Sample Corpus
samples/ contains 150 Python generators producing synthetic fund documents across 8 fund families and 47 standalone files.

Fund Families

| Family | Strategy | Documents |
|---|---|---|
| Apex Capital | PE buyout | 14 |
| Greenfield Ventures | VC | 12 |
| Cornerstone RE | Real estate | 19 |
| European Growth | Luxembourg PE | 10 |
| Pacific Credit | Credit/lending | 14 |
| Meridian Secondaries | GP-led continuation | 10 |
| Catalyst Infrastructure | UK infrastructure | 14 |
| Summit Macro | Hedge fund | 10 |
| Standalone files | Cross-cutting | 47 |
Each family is a coherent set of related documents, enabling cross-document skills: compare, reconcile, multi-doc-analyze, mfn-tracker, and playbook.
Intentional Issues
Every document embeds intentional issues for testing detection accuracy:
- Mathematical errors (carried interest calculations, distribution waterfalls)
- Compliance gaps (missing disclosures, regulatory deadline errors)
- Cross-document conflicts (side letter terms inconsistent with LPA)
- Wire fraud signals (suspicious wire instruction changes)
The sample LPA (generate_sample_lpa.py) contains 10 specific issues. See LPA Safety Score for the full list.
Generating the Corpus
cd fundadmin-ai
# Generate all 150 documents
python3 samples/generate_all.py
# Generate one fund family only
python3 samples/generate_all.py --family apex
# Compile-check only (no output files)
python3 samples/generate_all.py --check
# List all generators
python3 samples/generate_all.py --listGenerated output goes to samples/output/ (gitignored — reproducible from scripts).
Individual Generators
# Single document types (each with intentional issues)

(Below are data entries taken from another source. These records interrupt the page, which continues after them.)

(* Fix $d,k\in\mathbb N$ and let $A\in\mathbb R^{d^k\times d^k}$ be positive semidefinite. Let $x=x_1\otimes\cdots\otimes x_k$, where $x_1,\dots,x_k\in\mathbb R^d$ are independent and each is either a Rademacher vector or a $\mathcal N(0,I_d)$ Gaussian vector. Then $\operatorname{Var}[x^\top Ax]\le(3^k\operatorname{tr}(A))^2$.
   Context: A Rademacher vector has iid entries uniform on $\{\pm1\}$; $\otimes$ is the Kronecker product. *)

theory Defs
  imports "HOL-Probability.Probability"
begin

text \<open>Vectors in R^n are functions nat => real (entries indexed 0..n-1);
  n x n matrices are functions nat => nat => real (entries indexed by 0..n-1).\<close>

definition psd :: "nat \<Rightarrow> (nat \<Rightarrow> nat \<Rightarrow> real) \<Rightarrow> bool" where
  "psd n A \<longleftrightarrow> (\<forall>i<n. \<forall>j<n. A i j = A j i) \<and>
     (\<forall>v::nat \<Rightarrow> real. (\<Sum>i<n. \<Sum>j<n. v i * A i j * v j) \<ge> 0)"

definition mtrace :: "nat \<Rightarrow> (nat \<Rightarrow> nat \<Rightarrow> real) \<Rightarrow> real" where
  "mtrace n A = (\<Sum>i<n. A i i)"

definition quad_form :: "nat \<Rightarrow> (nat \<Rightarrow> nat \<Rightarrow> real) \<Rightarrow> (nat \<Rightarrow> real) \<Rightarrow> real" where
  "quad_form n A v = (\<Sum>i<n. \<Sum>j<n. v i * A i j * v j)"

text \<open>Kronecker product x_0 \<otimes> ... \<otimes> x_{k-1} of k vectors in R^d, a vector in R^(d^k):
  entry i (i < d^k) is the product of entries (x_j)_{i_j}, where
  i_0 ... i_{k-1} are the base-d digits of i, most significant first.\<close>

definition kron_vec :: "nat \<Rightarrow> nat \<Rightarrow> (nat \<Rightarrow> nat \<Rightarrow> real) \<Rightarrow> nat \<Rightarrow> real" where
  "kron_vec d k xs i = (\<Prod>j<k. xs j ((i div d ^ (k - 1 - j)) mod d))"

definition rademacher :: "real measure" where
  "rademacher = measure_pmf (pmf_of_set {-1, 1})"

definition coord_law :: "bool \<Rightarrow> real measure" where
  "coord_law gauss = (if gauss then std_normal_distribution else rademacher)"

definition vec_law :: "nat \<Rightarrow> bool \<Rightarrow> (nat \<Rightarrow> real) measure" where
  "vec_law d gauss = PiM {..<d} (\<lambda>_. coord_law gauss)"

definition joint_law :: "nat \<Rightarrow> nat \<Rightarrow> (nat \<Rightarrow> bool) \<Rightarrow> (nat \<Rightarrow> nat \<Rightarrow> real) measure" where
  "joint_law d k G = PiM {..<k} (\<lambda>j. vec_law d (G j))"

end

theory Submission
  imports Defs
begin

(*
  Condition on all factors but the last: writing x = z \<otimes> y, the quadratic form x\<^sup>T A x is
  y\<^sup>T B(z) y for a positive semidefinite d \<times> d matrix B(z). For y with independent coordinates of
  mean 0, variance 1 and fourth moment at most 3, expanding the square and pairing indices
  gives E[(y\<^sup>T B y)\<^sup>2] \<le> (tr B)\<^sup>2 + 2 tr(B\<^sup>2) \<le> 3 (tr B)\<^sup>2. Since tr B(z) = z\<^sup>T C z for the partial
  trace C of A, which is again positive semidefinite with tr C = tr A, induction on k gives
  E[(x\<^sup>T A x)\<^sup>2] \<le> 3\<^sup>k (tr A)\<^sup>2, which bounds the variance.
*)

lemma psdI:
  assumes "\<And>i j. i < n \<Longrightarrow> j < n \<Longrightarrow> B i j = B j i" and "\<And>v. 0 \<le> quad_form n B v"
  shows "psd n B"
  using assms by (simp add: psd_def quad_form_def)

lemma psd_sym: "psd n B \<Longrightarrow> i < n \<Longrightarrow> j < n \<Longrightarrow> B i j = B j i"
  by (simp add: psd_def)

lemma psd_quad_form_nonneg: "psd n B \<Longrightarrow> 0 \<le> quad_form n B v"
  by (simp add: psd_def quad_form_def)

lemma quad_form_unit:
  assumes "a < n"
  shows "quad_form n B (\<lambda>i. if i = a then 1 else 0) = B a a"
proof -
  have unit_sum: "(\<Sum>i<n. (if i = a then 1 else 0) * f i) = f a" for f :: "nat \<Rightarrow> real"
  proof -
    have "(\<Sum>i<n. (if i = a then 1 else 0) * f i) = (\<Sum>i<n. if i = a then f i else 0)"
      by (intro sum.cong) auto
    also have "\<dots> = f a"
      using assms by simp
    finally show ?thesis .
  qed
  have "quad_form n B (\<lambda>i. if i = a then 1 else 0)
      = (\<Sum>i<n. (if i = a then 1 else 0) * (\<Sum>j<n. (if j = a then 1 else 0) * B i j))"
    by (simp add: quad_form_def sum_distrib_left mult_ac)
  also have "\<dots> = B a a"
    by (simp only: unit_sum)
  finally show ?thesis .
qed

lemma quad_form_two_points:
  assumes "a < n" "b < n" "a \<noteq> b"
  shows "quad_form n B (\<lambda>i. if i = a then s else if i = b then t else 0)
           = s * s * B a a + s * t * B a b + t * s * B b a + t * t * B b b"
proof -
  define v :: "nat \<Rightarrow> real" where "v = (\<lambda>i. if i = a then s else if i = b then t else 0)"
  have v_sum: "(\<Sum>i<n. v i * f i) = s * f a + t * f b" for f :: "nat \<Rightarrow> real"
  proof -
    have "(\<Sum>i<n. v i * f i) = (\<Sum>i<n. (if i = a then s * f i else 0) + (if i = b then t * f i else 0))"
      using assms(3) by (intro sum.cong) (auto simp: v_def)
    also have "\<dots> = s * f a + t * f b"
      using assms(1,2) by (simp add: sum.distrib)
    finally show ?thesis .
  qed
  have "quad_form n B v = (\<Sum>i<n. v i * (\<Sum>j<n. v j * B i j))"
    by (simp add: quad_form_def sum_distrib_left mult_ac)
  also have "\<dots> = s * (s * B a a + t * B a b) + t * (s * B b a + t * B b b)"
    by (simp only: v_sum)
  also have "\<dots> = s * s * B a a + s * t * B a b + t * s * B b a + t * t * B b b"
    by (simp add: algebra_simps)
  finally show ?thesis
    unfolding v_def .
qed

lemma square_le_of_nonneg_binary_form:
  fixes x y z :: real
  assumes nonneg: "\<And>s t. 0 \<le> s * s * x + 2 * s * t * y + t * t * z"
  shows "y\<^sup>2 \<le> x * z"
proof (cases "z = 0")
  case True
  have "y = 0"
  proof (rule ccontr)
    assume "y \<noteq> 0"
    define t where "t = - (x + 1) / (2 * y)"
    have "2 * t * y = - (x + 1)"
      using \<open>y \<noteq> 0\<close> by (simp add: t_def)
    then show False
      using nonneg[of 1 t] True by simp
  qed
  then show ?thesis using True by simp
next
  case False
  then have "0 < z" using nonneg[of 0 1] by simp
  have "0 \<le> z * z * x + 2 * z * (-y) * y + (-y) * (-y) * z" by (rule nonneg)
  also have "\<dots> = z * (x * z - y\<^sup>2)" by (simp add: algebra_simps power2_eq_square)
  finally show ?thesis using \<open>0 < z\<close> by (simp add: zero_le_mult_iff)
qed

lemma psd_diag_nonneg:
  assumes "psd n B" "a < n"
  shows "0 \<le> B a a"
proof -
  have "0 \<le> quad_form n B (\<lambda>i. if i = a then 1 else 0)"
    using assms(1) by (rule psd_quad_form_nonneg)
  then show ?thesis
    using quad_form_unit[OF assms(2)] by simp
qed

lemma psd_entry_square_le:
  assumes "psd n B" "a < n" "b < n"
  shows "(B a b)\<^sup>2 \<le> B a a * B b b"
proof (cases "a = b")
  case True
  then show ?thesis by (simp add: power2_eq_square)
next
  case False
  show ?thesis
  proof (rule square_le_of_nonneg_binary_form)
    fix s t :: real
    have "0 \<le> quad_form n B (\<lambda>i. if i = a then s else if i = b then t else 0)"
      using assms(1) by (rule psd_quad_form_nonneg)
    also have "\<dots> = s * s * B a a + 2 * s * t * B a b + t * t * B b b"
      using quad_form_two_points[OF assms(2,3) False] psd_sym[OF assms(1) assms(3,2)] by simp
    finally show "0 \<le> s * s * B a a + 2 * s * t * B a b + t * t * B b b" .
  qed
qed

section \<open>Block structure of Kronecker products\<close>

lemma sum_lessThan_mult:
  fixes f :: "nat \<Rightarrow> 'a::comm_monoid_add"
  shows "(\<Sum>i<m * d. f i) = (\<Sum>p<m. \<Sum>a<d. f (p * d + a))"
proof (induction m)
  case (Suc m)
  have shift: "(\<Sum>i<m * d + e. f i) = (\<Sum>i<m * d. f i) + (\<Sum>a<e. f (m * d + a))" for e
    by (induction e) (simp_all add: add.assoc)
  have "(\<Sum>i<Suc m * d. f i) = (\<Sum>i<m * d + d. f i)"
    by (simp only: mult_Suc add.commute)
  also have "\<dots> = (\<Sum>p<Suc m. \<Sum>a<d. f (p * d + a))"
    by (simp only: shift Suc sum.lessThan_Suc)
  finally show ?case .
qed simp

lemma block_index_less:
  assumes "p < m" "a < d"
  shows "p * d + a < m * (d::nat)"
proof -
  have "p * d + a < Suc p * d" using assms(2) by simp
  also have "\<dots> \<le> m * d" using mult_le_mono1[OF Suc_leI[OF assms(1)]] .
  finally show ?thesis .
qed

text \<open>An index \<open>p * d + a < m * d\<close> is the pair \<open>(p, a)\<close>, so \<open>partial_form d m A z\<close> is
  \<open>(z \<otimes> I\<^sub>d)\<^sup>T A (z \<otimes> I\<^sub>d)\<close> and \<open>partial_trace d A\<close> is the trace over the second factor.\<close>

definition partial_form ::
    "nat \<Rightarrow> nat \<Rightarrow> (nat \<Rightarrow> nat \<Rightarrow> real) \<Rightarrow> (nat \<Rightarrow> real) \<Rightarrow> nat \<Rightarrow> nat \<Rightarrow> real" where
  "partial_form d m A z a b = (\<Sum>p<m. \<Sum>q<m. z p * A (p * d + a) (q * d + b) * z q)"

definition partial_trace :: "nat \<Rightarrow> (nat \<Rightarrow> nat \<Rightarrow> real) \<Rightarrow> nat \<Rightarrow> nat \<Rightarrow> real" where
  "partial_trace d A p q = (\<Sum>a<d. A (p * d + a) (q * d + a))"

lemma quad_form_kronecker:
  "quad_form (m * d) A (\<lambda>i. z (i div d) * v (i mod d)) = quad_form d (partial_form d m A z) v"
proof -
  have block: "(p * d + a) div d = p" "(p * d + a) mod d = a" if "a < d" for p a
    using that by auto
  let ?g = "\<lambda>p a q b. z p * v a * A (p * d + a) (q * d + b) * (z q * v b)"
  have "quad_form (m * d) A (\<lambda>i. z (i div d) * v (i mod d)) = (\<Sum>p<m. \<Sum>a<d. \<Sum>q<m. \<Sum>b<d. ?g p a q b)"
    unfolding quad_form_def sum_lessThan_mult by (intro sum.cong refl) (simp add: block)
  also have "\<dots> = (\<Sum>a<d. \<Sum>p<m. \<Sum>b<d. \<Sum>q<m. ?g p a q b)"
    by (subst sum.swap) (intro sum.cong refl sum.swap)
  also have "\<dots> = (\<Sum>a<d. \<Sum>b<d. \<Sum>p<m. \<Sum>q<m. ?g p a q b)"
    by (intro sum.cong refl sum.swap)
  also have "\<dots> = quad_form d (partial_form d m A z) v"
    unfolding quad_form_def partial_form_def sum_distrib_left sum_distrib_right
    by (intro sum.cong refl) (simp add: mult_ac)
  finally show ?thesis .
qed

lemma mtrace_partial_trace: "mtrace m (partial_trace d A) = mtrace (m * d) A"
  by (simp add: mtrace_def partial_trace_def sum_lessThan_mult)

lemma quad_form_partial_trace: "quad_form m (partial_trace d A) z = mtrace d (partial_form d m A z)"
proof -
  have "quad_form m (partial_trace d A) z
      = (\<Sum>p<m. \<Sum>q<m. \<Sum>a<d. z p * A (p * d + a) (q * d + a) * z q)"
    by (simp add: quad_form_def partial_trace_def sum_distrib_left sum_distrib_right)
  also have "\<dots> = (\<Sum>a<d. \<Sum>p<m. \<Sum>q<m. z p * A (p * d + a) (q * d + a) * z q)"
    by (subst sum.swap) (intro sum.cong refl sum.swap)
  finally show ?thesis
    by (simp add: mtrace_def partial_form_def)
qed

lemma psd_partial_form:
  assumes "psd (m * d) A"
  shows "psd d (partial_form d m A z)"
proof -
  have "partial_form d m A z a b = partial_form d m A z b a" if "a < d" "b < d" for a b
    unfolding partial_form_def
  proof (subst sum.swap, intro sum.cong refl)
    fix p q assume "p \<in> {..<m}" "q \<in> {..<m}"
    then have "A (p * d + a) (q * d + b) = A (q * d + b) (p * d + a)"
      using that by (intro psd_sym[OF assms] block_index_less) auto
    then show "z p * A (p * d + a) (q * d + b) * z q = z q * A (q * d + b) (p * d + a) * z p"
      by simp
  qed
  moreover have "0 \<le> quad_form d (partial_form d m A z) v" for v
    unfolding quad_form_kronecker[symmetric] using assms by (rule psd_quad_form_nonneg)
  ultimately show ?thesis
    by (rule psdI)
qed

python3 generate_sample_lpa.py # LPA — 10 issues
python3 generate_sample_ppm.py # PPM — 7 issues
python3 generate_sample_side_letter.py # Side letter — 3 issues
python3 generate_sample_subscription.py # Subscription — 5 issuesShared Utilities
samples/generators/common.py provides:
- Document styles and setup
- Fund family constants
- Investor profiles
- Standard issue injection helpers
Classifier Accuracy
The content classifier is regression-tested to maintain ≥ 97% accuracy across all 150 PDFs:
node tests/audit-classifier.mjs
python3 -m unittest tests/test_classifier_accuracy.py -vCatalog
See samples/SAMPLE-CATALOG.md for the full index with a list of embedded issues per document.